From the entries below, copy each line in which the word "where" occurs.

<<<<

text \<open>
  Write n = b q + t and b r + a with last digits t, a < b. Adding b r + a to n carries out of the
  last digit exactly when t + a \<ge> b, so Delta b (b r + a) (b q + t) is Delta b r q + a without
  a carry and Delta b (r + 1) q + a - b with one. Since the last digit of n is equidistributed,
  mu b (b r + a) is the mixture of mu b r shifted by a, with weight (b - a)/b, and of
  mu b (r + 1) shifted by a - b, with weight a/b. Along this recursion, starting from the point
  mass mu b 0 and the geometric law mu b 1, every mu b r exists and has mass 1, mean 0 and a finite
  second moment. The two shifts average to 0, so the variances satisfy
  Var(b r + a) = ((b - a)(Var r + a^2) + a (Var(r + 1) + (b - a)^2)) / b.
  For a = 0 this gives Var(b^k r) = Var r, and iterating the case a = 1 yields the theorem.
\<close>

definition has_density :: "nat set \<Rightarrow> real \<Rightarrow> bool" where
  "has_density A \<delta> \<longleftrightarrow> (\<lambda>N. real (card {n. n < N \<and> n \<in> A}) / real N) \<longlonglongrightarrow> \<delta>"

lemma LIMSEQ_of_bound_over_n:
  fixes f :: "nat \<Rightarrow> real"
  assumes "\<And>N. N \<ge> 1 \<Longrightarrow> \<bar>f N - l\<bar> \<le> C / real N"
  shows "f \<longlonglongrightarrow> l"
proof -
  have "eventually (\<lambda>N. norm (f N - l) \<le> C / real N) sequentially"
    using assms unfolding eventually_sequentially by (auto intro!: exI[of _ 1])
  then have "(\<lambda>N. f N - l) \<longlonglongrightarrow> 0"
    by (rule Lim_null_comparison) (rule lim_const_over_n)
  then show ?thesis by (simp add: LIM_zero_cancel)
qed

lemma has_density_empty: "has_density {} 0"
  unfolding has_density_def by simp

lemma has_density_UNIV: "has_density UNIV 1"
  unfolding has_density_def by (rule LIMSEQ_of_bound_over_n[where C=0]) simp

>>>>

_Your response_:
definition has_density :: "nat set \<Rightarrow> real \<Rightarrow> bool" where
  unfolding has_density_def by (rule LIMSEQ_of_bound_over_n[where C=0]) simp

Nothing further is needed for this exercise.